Sebelumnya Presiden Joko Widodo (Jokowi) berencana mengizinkan warga asing boleh memiliki apartemen mewah senilai Rp 5 miliar ke atas saja. Hal itu disampaikannya terkait rencana revisi Peraturan Pemerintah Nomor 41 Tahun 1996 tentang Pemilikan Rumah Tempat Tinggal atau Hunian oleh Orang Asing yang Berkedudukan di Indonesia (PP 41/1996).

Namun rupanya rencana kepemilikan terbatas properti WNA di atas Rp 5 miliar ini menuai polemik. Ternyata bertentangan dengan dua beleid yakni Undang-Undang Nomor 5 Tahun 1960 tentang Peraturan Dasar Pokok-Pokok Agraria (UU PA) dan Undang-Undang Nomor 1 Tahun 1974 tentang Perkawinan.
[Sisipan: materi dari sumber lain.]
(* Under i.i.d. Rayleigh fading on all $2M$ links with average SNR $\bar\gamma$, as $\bar\gamma\to0$, $$\bar R_{SD}\sim\frac{\bar\gamma}{2\ln2}\sum_{k=1}^{2M}\frac1k,\qquad \bar R_{\rm conv}\sim\frac{\bar\gamma}{4\ln2}\sum_{k=1}^{M}\frac1k,$$ so that $\lim_{\bar\gamma\to0}\bar R_{SD}/\bar R_{\rm conv}=2\sum_{k=1}^{2M}\frac1k\big/\sum_{k=1}^M\frac1k$, which equals $3$ for $M=1$, tends to $2$ as $M\to\infty$, and lies in $[2,3]$ for all $M\ge1$.
   Context: Network of a source, $M$ relays, and a destination; SNRs $\gamma_{Sk},\gamma_{kD}$ of the $2M$ links are i.i.d. exponential with mean $\bar\gamma$ (Rayleigh fading). $\bar R_{SD}=M\int_0^\infty\log_2(1+x)f_\gamma(x)(F_\gamma(x))^{2M-1}dx$ with $f_\gamma(x)=e^{-x/\bar\gamma}/\bar\gamma$, $F_\gamma(x)=1-e^{-x/\bar\gamma}$ (the maximum average rate of the buffer-aided protocol). $\bar R_{\rm conv}=\frac12E\{\max_k\min\{\log_2(1+\gamma_{Sk}),\log_2(1+\gamma_{kD})\}\}$ is the average rate of conventional (non-buffer-aided) relay selection; in this i.i.d. Rayleigh case $\bar R_{\rm conv}=\frac M2\sum_{k=0}^{M-1}\binom{M-1}{k}\frac{(-1)^k}{(1+k)\ln2}e^{2(1+k)/\bar\gamma}E_1(2(1+k)/\bar\gamma)$, where $E_1(x)=\int_1^\infty e^{-xt}/t\,dt$. $f\sim g$ means $f/g\to1$. *)

theory Defs
  imports "HOL-Probability.Probability"
begin

text \<open>Rayleigh fading: SNR exponential with mean g (the average SNR \<gamma>-bar).\<close>
definition f_gamma :: "real \<Rightarrow> real \<Rightarrow> real" where
  "f_gamma g x = exp (- x / g) / g"

definition F_gamma :: "real \<Rightarrow> real \<Rightarrow> real" where
  "F_gamma g x = 1 - exp (- x / g)"

definition R_SD :: "nat \<Rightarrow> real \<Rightarrow> real" where
  "R_SD M g = real M * (LBINT x:{0..}. log 2 (1 + x) * f_gamma g x * (F_gamma g x) ^ (2 * M - 1))"

text \<open>Joint law of the 2M i.i.d. link SNRs: coordinate k < M is gamma_{Sk},
  coordinate M + k is gamma_{kD}; each is exponential with mean g (rate 1/g).\<close>
definition link_snrs :: "nat \<Rightarrow> real \<Rightarrow> (nat \<Rightarrow> real) measure" where
  "link_snrs M g = PiM {..<2 * M} (\<lambda>_. density lborel (exponential_density (1 / g)))"

definition R_conv :: "nat \<Rightarrow> real \<Rightarrow> real" where
  "R_conv M g = 1 / 2 * (\<integral>\<gamma>. Max ((\<lambda>k. min (log 2 (1 + \<gamma> k)) (log 2 (1 + \<gamma> (M + k)))) ` {..<M})
                           \<partial>(link_snrs M g))"

end

theory Submission
  imports Defs "HOL-Analysis.Harmonic_Numbers" "HOL-Real_Asymp.Real_Asymp"
begin

(* Both rates are expectations of log2 (1 + X), where X is the maximum of n i.i.d. exponential
   variables of some mean m: for R_SD, M f F^(2M-1) is half the density of the maximum of the
   2M link SNRs (m = mean SNR); for R_conv, the weaker hop of a relay is exponential with half
   the mean SNR, and the selected relay maximises M independent such minima.  The maximum of n
   standard exponentials has mean H_n, and log2 (1 + m t) / m is dominated by t / ln 2 and tends
   to it as m -> 0, so dominated convergence gives E log2 (1 + X) ~ m H_n / ln 2.  The facts about
   the ratio 2 H_2M / H_M follow from H_M <= H_2M <= H_M + 1, 2 H_2M <= 3 H_M and H_M -> oo. *)

section \<open>Harmonic numbers\<close>

lemma sum_inverse_eq_harm: "(\<Sum>k=1..n. 1 / real k) = harm n"
  by (simp add: harm_def divide_inverse)

lemma harm_double_le: "2 * harm (2 * n) \<le> (3 * harm n :: real)"
proof (induction n)
  case 0
  then show ?case by (simp add: harm_def)
next
  case (Suc n)
  have "2 * Suc n = Suc (Suc (2 * n))"
    by simp
  then have "2 * harm (2 * Suc n) = (2::real) * harm (2 * n) + 2 / (2 * real n + 1) + 2 / (2 * real n + 2)"
    by (simp add: harm_Suc field_simps)
  also have "\<dots> \<le> 3 * harm n + 3 / (real n + 1)"
  proof -
    have "2 / (2 * real n + 1) \<le> 2 / (real n + 1)" "2 / (2 * real n + 2) = 1 / (real n + 1)"
      by (auto intro: divide_left_mono simp: field_simps)
    then show ?thesis
      using Suc by (simp add: add_divide_distrib[symmetric])
  qed
  also have "\<dots> = 3 * harm (Suc n)"
    by (simp add: harm_Suc field_simps)
  finally show ?case .
qed

lemma harm_double_diff_le: "harm (2 * n) - harm n \<le> (1 :: real)"
proof -
  \<comment> \<open>The extra term \<open>1 / (2n + 1)\<close> is what makes the induction go through.\<close>
  have "harm (2 * n) - harm n + 1 / (2 * real n + 1) \<le> (1 :: real)"
  proof (induction n)
    case 0
    then show ?case by (simp add: harm_def)
  next
    case (Suc n)
    have "harm (Suc (Suc (2 * n))) = harm (2 * n) + 1 / (2 * real n + 1) + 1 / (2 * real n + 2 :: real)"
      "harm (Suc n) = harm n + 1 / (2 * real n + 2) + 1 / (2 * real n + 2 :: real)"
      by (simp_all add: harm_Suc field_simps)
    then have "harm (2 * Suc n) - harm (Suc n) + 1 / (2 * real (Suc n) + 1)
        = harm (2 * n) - harm n + 1 / (2 * real n + 1) - 1 / (2 * real n + 2) + 1 / (2 * real n + 3 :: real)"
      by (simp add: numeral_eq_Suc)
    also have "\<dots> \<le> 1"
      using Suc frac_le[of 1 1 "2 * real n + 2" "2 * real n + 3"] by simp
    finally show ?case .
  qed
  moreover have "0 \<le> 1 / (2 * real n + 1)"
    by simp
  ultimately show ?thesis
    by linarith
qed

lemma harm_double_ratio_tendsto: "(\<lambda>n. 2 * harm (2 * n) / harm n) \<longlonglongrightarrow> (2 :: real)"
proof (rule tendsto_sandwich[where f = "\<lambda>_. 2" and h = "\<lambda>n. 2 + 2 * inverse (harm n)"])
  have "(\<lambda>n. 2 + 2 * inverse (harm n :: real)) \<longlonglongrightarrow> 2 + 2 * 0"
    by (intro tendsto_intros tendsto_inverse_0_at_top harm_at_top)
  then show "(\<lambda>n. 2 + 2 * inverse (harm n :: real)) \<longlonglongrightarrow> 2"
    by simp
  have bounds: "2 \<le> 2 * harm (2 * n) / (harm n :: real) \<and> 2 * harm (2 * n) / harm n \<le> 2 + 2 * inverse (harm n :: real)"
    if "0 < n" for n
  proof -
    have "harm n \<le> (harm (2 * n) :: real)" "harm (2 * n) \<le> harm n + (1 :: real)"
      using harm_mono[of n "2 * n"] harm_double_diff_le[of n] by auto
    moreover have "0 < (harm n :: real)"
      using that by simp
    ultimately show ?thesis
      by (simp add: field_simps del: harm_pos_iff)
  qed
  show "\<forall>\<^sub>F n in sequentially. 2 \<le> 2 * harm (2 * n) / (harm n :: real)"
    using eventually_gt_at_top[of 0] by eventually_elim (use bounds in blast)
  show "\<forall>\<^sub>F n in sequentially. 2 * harm (2 * n) / harm n \<le> 2 + 2 * inverse (harm n :: real)"
    using eventually_gt_at_top[of 0] by eventually_elim (use bounds in blast)
qed simp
Jika kedua beleid itu tidak direvisi maka potensial terjadi kerancuan, lantaran WNA yang menikahi WNI kehilangan status hak milik (HM) atau hak guna bangunan (HGB) atas tanah dan bangunan.

Seperti yang terjadi pada kasus Ike Farida, seorang advokat yang juga anggota Masyarakat Perkawinan Campuran (Perca) Indonesia, yang menikah dengan WN Jepang dan gugur haknya dalam membeli properti lantaran pengembang membatalkan sepihak dengan menggunakan ketentuan Pasal 35 Ayat (1) Undang-Undang Nomor 1 Tahun 1974 tentang Perkawinan.

Pasal 35 Ayat (1) UU Perkawinan menyatakan perempuan yang menikah dengan warga negara asing dilarang membeli tanah atau bangunan dengan status hak guna bangunan.  Beleid UU Perkawinan itu mengacu pada UU PA yang menyatakan WNA jelas tak memiliki hak milik (HM) atau hak guna bangunan (HGB) atas tanah dan bangunan. WNA hanya dapat diberi hak atas tanah dengan status Hak Pakai dengan jangka waktu tertentu.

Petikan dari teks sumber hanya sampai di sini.